▶ [YOUR GOAL]:
Scan the entries below and return each line that contains "auto".
--------------------------------------------------
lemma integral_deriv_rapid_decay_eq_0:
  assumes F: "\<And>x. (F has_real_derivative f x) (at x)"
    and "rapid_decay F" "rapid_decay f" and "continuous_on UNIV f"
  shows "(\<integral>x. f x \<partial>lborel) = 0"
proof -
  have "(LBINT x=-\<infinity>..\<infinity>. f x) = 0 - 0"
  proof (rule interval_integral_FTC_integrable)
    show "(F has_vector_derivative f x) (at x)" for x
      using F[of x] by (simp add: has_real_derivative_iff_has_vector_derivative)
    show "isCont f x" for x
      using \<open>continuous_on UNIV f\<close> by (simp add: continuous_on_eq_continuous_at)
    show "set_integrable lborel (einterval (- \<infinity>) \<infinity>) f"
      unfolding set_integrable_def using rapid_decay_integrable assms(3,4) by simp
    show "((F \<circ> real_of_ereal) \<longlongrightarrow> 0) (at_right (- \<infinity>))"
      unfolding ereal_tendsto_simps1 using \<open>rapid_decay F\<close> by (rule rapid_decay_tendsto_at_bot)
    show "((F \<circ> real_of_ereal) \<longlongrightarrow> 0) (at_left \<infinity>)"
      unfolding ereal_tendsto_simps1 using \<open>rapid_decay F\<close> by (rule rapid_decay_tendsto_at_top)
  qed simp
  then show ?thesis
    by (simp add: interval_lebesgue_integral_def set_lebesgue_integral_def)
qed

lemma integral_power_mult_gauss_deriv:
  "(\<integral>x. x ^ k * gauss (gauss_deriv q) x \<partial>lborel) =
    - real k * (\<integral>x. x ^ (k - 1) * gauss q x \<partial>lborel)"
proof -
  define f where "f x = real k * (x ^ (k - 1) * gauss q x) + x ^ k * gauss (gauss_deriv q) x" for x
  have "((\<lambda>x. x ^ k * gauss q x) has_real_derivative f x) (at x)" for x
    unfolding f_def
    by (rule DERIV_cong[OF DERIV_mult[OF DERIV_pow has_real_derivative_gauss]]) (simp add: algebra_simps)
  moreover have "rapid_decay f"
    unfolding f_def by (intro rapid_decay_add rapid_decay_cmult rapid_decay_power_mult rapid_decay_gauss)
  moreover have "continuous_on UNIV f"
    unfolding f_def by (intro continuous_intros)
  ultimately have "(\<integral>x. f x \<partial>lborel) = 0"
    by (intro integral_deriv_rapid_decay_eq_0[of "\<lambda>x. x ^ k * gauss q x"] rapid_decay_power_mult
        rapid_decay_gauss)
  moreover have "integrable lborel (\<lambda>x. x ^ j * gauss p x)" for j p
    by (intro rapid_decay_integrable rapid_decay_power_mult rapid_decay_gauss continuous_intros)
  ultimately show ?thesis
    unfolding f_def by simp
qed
--------------------------------------------------
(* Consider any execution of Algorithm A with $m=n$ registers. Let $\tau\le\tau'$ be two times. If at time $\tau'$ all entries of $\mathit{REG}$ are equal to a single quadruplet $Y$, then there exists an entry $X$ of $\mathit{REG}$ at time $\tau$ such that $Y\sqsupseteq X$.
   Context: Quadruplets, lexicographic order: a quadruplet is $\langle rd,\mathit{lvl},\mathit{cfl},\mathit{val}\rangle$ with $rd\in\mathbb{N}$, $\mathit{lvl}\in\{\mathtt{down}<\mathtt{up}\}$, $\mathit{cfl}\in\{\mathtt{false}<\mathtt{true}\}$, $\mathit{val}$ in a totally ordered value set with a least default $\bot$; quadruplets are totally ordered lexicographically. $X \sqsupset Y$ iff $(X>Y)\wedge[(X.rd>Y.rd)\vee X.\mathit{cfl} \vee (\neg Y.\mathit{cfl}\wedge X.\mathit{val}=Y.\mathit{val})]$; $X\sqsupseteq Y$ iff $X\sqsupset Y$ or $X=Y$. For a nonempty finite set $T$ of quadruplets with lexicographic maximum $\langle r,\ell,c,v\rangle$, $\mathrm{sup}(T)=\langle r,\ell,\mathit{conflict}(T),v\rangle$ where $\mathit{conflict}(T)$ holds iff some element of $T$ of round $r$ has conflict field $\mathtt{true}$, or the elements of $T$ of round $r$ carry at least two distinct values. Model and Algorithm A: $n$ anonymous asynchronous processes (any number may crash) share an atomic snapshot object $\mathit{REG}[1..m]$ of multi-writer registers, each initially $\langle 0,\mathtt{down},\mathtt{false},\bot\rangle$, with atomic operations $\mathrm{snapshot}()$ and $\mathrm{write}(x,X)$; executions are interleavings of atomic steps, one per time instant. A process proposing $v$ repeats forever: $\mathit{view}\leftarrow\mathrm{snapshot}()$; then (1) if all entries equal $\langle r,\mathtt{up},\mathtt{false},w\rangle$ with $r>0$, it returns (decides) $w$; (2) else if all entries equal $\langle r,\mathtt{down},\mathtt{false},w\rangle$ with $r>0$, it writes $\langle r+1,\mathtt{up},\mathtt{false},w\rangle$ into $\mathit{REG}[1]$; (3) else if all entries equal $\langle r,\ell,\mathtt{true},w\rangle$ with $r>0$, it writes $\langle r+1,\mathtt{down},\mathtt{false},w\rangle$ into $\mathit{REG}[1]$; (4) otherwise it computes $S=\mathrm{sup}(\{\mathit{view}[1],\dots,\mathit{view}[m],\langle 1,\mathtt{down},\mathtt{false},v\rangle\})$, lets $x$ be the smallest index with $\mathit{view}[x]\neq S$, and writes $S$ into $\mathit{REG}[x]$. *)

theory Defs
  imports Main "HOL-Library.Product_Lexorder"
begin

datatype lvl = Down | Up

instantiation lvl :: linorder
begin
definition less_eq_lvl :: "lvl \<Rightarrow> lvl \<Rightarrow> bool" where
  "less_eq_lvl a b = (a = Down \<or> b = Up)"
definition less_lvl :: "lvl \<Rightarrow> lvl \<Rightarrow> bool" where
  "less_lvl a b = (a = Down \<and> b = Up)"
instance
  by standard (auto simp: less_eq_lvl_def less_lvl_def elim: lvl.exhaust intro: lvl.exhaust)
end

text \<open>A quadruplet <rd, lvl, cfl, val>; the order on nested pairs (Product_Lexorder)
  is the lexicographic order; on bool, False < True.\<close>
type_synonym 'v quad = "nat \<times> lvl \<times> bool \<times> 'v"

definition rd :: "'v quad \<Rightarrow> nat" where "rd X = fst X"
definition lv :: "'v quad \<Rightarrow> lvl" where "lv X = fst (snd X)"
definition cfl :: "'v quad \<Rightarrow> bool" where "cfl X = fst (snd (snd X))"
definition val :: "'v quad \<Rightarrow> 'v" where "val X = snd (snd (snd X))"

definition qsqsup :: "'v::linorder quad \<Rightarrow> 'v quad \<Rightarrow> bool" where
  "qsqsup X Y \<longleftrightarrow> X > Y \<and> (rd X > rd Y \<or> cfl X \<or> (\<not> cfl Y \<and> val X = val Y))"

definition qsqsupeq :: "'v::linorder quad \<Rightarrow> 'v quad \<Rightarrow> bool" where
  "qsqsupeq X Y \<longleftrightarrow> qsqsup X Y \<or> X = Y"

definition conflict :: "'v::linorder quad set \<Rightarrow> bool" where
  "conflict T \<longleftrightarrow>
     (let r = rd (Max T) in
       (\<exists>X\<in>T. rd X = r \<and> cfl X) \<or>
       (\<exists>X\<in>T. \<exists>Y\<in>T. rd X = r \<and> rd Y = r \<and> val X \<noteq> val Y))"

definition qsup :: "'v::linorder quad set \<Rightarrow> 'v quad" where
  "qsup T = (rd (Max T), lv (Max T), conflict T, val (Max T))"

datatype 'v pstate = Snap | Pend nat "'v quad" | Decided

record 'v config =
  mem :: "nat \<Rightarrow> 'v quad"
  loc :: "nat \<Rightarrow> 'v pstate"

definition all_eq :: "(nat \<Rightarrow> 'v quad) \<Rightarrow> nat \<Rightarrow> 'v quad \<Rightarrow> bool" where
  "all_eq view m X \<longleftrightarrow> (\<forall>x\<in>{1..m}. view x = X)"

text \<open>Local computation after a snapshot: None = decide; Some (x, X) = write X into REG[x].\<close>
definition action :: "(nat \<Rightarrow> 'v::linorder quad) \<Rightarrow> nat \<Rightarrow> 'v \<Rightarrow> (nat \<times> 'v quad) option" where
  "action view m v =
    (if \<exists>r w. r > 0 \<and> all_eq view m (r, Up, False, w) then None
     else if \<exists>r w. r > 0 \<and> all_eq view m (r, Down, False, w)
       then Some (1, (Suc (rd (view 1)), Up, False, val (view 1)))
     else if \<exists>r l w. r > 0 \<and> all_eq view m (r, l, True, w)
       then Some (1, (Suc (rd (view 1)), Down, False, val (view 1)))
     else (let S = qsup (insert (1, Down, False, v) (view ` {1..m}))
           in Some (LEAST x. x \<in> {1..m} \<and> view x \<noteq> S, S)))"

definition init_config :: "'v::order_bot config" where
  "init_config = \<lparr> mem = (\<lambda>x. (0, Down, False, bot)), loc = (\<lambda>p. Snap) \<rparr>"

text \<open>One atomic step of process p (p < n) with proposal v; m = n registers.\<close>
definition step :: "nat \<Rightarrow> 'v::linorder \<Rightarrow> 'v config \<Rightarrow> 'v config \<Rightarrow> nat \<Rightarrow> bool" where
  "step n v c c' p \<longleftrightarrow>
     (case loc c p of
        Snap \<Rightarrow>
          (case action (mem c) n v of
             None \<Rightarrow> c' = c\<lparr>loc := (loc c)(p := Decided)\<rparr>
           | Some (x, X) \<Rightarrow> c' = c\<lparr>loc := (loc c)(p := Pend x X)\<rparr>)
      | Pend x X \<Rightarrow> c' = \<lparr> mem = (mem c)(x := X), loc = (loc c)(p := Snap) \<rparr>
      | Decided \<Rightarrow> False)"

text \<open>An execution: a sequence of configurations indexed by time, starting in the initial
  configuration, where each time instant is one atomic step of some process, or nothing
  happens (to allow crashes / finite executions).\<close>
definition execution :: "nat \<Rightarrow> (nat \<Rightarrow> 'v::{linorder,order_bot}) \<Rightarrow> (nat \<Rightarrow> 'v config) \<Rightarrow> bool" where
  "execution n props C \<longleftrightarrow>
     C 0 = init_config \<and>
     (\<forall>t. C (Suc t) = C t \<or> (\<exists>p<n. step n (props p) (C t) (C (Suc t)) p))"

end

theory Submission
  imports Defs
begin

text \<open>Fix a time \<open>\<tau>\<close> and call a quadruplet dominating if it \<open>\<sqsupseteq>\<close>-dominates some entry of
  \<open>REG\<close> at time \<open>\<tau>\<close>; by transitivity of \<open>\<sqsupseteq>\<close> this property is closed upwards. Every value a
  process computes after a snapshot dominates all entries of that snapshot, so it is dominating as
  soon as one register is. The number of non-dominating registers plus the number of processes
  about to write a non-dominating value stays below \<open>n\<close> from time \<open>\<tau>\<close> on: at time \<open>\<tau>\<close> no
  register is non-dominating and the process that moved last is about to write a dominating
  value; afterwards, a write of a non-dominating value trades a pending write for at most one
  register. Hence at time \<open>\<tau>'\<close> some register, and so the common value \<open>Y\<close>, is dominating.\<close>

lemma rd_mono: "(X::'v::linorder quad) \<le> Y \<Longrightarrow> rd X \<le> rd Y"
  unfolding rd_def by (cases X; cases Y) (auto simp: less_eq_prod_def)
--------------------------------------------------
▶ [COMPLETED TASK]:
  by standard (auto simp: less_eq_lvl_def less_lvl_def elim: lvl.exhaust intro: lvl.exhaust)
  unfolding rd_def by (cases X; cases Y) (auto simp: less_eq_prod_def)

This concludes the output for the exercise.